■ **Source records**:
=-=-=-=-=
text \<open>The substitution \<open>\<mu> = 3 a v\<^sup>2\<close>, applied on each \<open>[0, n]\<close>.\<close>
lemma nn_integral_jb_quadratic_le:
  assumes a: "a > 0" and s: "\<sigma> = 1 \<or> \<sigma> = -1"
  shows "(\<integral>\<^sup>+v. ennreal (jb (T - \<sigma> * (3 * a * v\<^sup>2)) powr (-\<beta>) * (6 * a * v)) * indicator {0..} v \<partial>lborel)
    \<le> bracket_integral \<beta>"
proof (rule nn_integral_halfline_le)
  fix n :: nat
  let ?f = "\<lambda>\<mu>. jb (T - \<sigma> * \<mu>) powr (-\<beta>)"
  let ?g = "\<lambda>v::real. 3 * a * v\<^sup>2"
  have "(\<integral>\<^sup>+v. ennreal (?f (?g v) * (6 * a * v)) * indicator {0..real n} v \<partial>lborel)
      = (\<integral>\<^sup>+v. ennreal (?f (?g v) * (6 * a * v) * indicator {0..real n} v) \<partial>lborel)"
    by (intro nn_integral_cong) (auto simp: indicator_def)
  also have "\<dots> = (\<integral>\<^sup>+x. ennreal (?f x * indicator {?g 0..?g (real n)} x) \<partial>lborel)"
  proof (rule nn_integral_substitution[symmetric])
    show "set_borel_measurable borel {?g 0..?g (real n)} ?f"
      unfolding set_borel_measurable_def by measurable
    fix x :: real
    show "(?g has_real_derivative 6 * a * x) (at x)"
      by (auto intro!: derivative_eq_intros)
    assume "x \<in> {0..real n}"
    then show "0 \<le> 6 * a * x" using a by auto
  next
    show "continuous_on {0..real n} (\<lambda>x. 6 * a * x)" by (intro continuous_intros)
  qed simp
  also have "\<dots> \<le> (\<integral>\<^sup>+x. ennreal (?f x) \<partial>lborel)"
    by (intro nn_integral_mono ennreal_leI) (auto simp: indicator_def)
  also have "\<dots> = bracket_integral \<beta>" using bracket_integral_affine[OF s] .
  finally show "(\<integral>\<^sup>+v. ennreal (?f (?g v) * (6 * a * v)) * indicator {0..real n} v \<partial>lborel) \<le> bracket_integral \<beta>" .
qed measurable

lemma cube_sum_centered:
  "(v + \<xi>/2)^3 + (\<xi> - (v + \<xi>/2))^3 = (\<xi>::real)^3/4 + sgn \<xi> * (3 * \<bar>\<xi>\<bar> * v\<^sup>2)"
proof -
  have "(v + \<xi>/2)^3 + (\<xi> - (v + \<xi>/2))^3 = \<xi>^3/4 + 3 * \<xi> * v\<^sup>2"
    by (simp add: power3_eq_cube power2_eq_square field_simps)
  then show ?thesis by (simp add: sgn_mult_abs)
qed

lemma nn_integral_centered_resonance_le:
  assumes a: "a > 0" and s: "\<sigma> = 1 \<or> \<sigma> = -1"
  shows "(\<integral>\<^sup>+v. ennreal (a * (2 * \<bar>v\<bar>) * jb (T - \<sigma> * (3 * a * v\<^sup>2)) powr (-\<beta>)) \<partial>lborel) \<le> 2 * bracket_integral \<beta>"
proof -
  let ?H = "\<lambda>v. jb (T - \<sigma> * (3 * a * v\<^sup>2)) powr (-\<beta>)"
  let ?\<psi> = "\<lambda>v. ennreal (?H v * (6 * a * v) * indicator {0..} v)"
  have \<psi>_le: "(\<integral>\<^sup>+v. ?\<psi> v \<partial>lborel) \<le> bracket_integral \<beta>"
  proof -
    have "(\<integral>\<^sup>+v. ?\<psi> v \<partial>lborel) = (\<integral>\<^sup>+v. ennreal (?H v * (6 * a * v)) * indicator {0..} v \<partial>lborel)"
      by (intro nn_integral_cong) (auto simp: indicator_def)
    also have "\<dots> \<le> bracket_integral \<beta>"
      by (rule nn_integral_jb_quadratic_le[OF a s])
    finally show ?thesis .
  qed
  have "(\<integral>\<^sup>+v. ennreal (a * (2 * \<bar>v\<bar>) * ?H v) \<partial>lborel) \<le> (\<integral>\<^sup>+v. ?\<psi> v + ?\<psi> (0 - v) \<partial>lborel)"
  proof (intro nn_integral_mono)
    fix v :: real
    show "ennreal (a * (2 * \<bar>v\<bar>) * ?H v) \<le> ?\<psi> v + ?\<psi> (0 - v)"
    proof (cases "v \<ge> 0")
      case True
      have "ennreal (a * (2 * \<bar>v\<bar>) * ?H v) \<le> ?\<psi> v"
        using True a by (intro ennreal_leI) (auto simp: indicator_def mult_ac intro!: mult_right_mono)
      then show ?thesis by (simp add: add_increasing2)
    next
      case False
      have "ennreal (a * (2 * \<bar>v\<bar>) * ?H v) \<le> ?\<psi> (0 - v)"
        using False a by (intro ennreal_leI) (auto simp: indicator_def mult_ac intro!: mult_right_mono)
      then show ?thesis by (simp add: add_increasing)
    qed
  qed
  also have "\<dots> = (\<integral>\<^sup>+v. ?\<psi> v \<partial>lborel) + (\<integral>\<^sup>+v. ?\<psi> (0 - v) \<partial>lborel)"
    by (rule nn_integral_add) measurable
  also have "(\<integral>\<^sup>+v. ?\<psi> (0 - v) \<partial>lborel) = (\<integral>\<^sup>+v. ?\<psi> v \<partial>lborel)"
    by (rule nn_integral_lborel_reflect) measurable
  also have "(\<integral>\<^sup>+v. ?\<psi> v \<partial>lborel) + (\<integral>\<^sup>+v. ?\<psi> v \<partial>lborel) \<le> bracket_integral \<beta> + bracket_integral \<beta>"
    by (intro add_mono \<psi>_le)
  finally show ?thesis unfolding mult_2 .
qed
=-=-=-=-=
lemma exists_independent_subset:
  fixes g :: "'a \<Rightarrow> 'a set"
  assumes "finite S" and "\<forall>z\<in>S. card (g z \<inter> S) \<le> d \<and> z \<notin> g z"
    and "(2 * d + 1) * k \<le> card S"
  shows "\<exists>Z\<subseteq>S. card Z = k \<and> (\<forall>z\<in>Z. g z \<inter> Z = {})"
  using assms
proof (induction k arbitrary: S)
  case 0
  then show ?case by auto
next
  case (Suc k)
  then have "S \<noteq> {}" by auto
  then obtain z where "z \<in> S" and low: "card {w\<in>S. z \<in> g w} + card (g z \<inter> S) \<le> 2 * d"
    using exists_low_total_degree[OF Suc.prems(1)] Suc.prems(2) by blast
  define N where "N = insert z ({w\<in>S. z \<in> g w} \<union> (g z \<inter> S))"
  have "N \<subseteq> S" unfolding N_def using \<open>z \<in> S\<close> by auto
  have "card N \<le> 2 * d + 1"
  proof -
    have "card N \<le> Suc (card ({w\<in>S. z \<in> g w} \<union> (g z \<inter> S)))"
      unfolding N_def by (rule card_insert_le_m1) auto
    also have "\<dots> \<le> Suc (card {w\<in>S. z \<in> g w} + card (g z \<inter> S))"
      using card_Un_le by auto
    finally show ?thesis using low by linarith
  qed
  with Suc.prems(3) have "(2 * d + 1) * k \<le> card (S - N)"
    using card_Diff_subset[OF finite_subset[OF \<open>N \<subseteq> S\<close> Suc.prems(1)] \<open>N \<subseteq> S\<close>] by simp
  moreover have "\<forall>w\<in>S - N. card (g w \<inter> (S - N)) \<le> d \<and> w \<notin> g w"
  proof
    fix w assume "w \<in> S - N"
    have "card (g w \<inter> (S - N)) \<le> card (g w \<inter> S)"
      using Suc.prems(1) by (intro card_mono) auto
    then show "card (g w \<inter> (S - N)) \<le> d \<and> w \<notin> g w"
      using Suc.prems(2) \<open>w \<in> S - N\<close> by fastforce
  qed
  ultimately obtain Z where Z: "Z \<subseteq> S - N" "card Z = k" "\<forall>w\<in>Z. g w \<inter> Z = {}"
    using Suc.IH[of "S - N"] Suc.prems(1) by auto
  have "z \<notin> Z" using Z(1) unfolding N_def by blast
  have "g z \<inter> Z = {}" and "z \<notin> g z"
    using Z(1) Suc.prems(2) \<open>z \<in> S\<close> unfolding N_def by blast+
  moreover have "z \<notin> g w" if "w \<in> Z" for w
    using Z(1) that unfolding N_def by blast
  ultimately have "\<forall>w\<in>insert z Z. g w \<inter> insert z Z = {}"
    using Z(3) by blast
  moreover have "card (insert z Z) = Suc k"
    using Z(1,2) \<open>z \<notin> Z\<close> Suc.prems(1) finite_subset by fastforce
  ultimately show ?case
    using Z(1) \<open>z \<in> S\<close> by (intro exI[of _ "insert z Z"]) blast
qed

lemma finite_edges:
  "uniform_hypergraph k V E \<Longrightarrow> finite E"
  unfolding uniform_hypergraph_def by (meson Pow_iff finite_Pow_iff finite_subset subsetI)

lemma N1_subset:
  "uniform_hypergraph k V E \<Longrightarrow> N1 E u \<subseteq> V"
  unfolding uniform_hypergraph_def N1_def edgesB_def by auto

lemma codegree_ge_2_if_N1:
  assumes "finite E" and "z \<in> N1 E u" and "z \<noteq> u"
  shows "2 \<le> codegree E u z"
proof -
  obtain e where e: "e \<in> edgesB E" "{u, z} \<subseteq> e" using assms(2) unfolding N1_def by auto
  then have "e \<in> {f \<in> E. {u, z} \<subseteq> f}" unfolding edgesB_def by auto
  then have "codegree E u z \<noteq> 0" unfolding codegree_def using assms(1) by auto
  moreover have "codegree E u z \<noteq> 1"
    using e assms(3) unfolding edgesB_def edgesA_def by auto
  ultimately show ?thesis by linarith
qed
=-=-=-=-=
■ **INSTRUCTIONS FOR THE TASK**:
Check each line of the data above for the word "noteq" and copy the ones where it is found.

■ **ANSWER SPACE**:
  then have "S \<noteq> {}" by auto
  assumes "finite E" and "z \<in> N1 E u" and "z \<noteq> u"
  then have "codegree E u z \<noteq> 0" unfolding codegree_def using assms(1) by auto
  moreover have "codegree E u z \<noteq> 1"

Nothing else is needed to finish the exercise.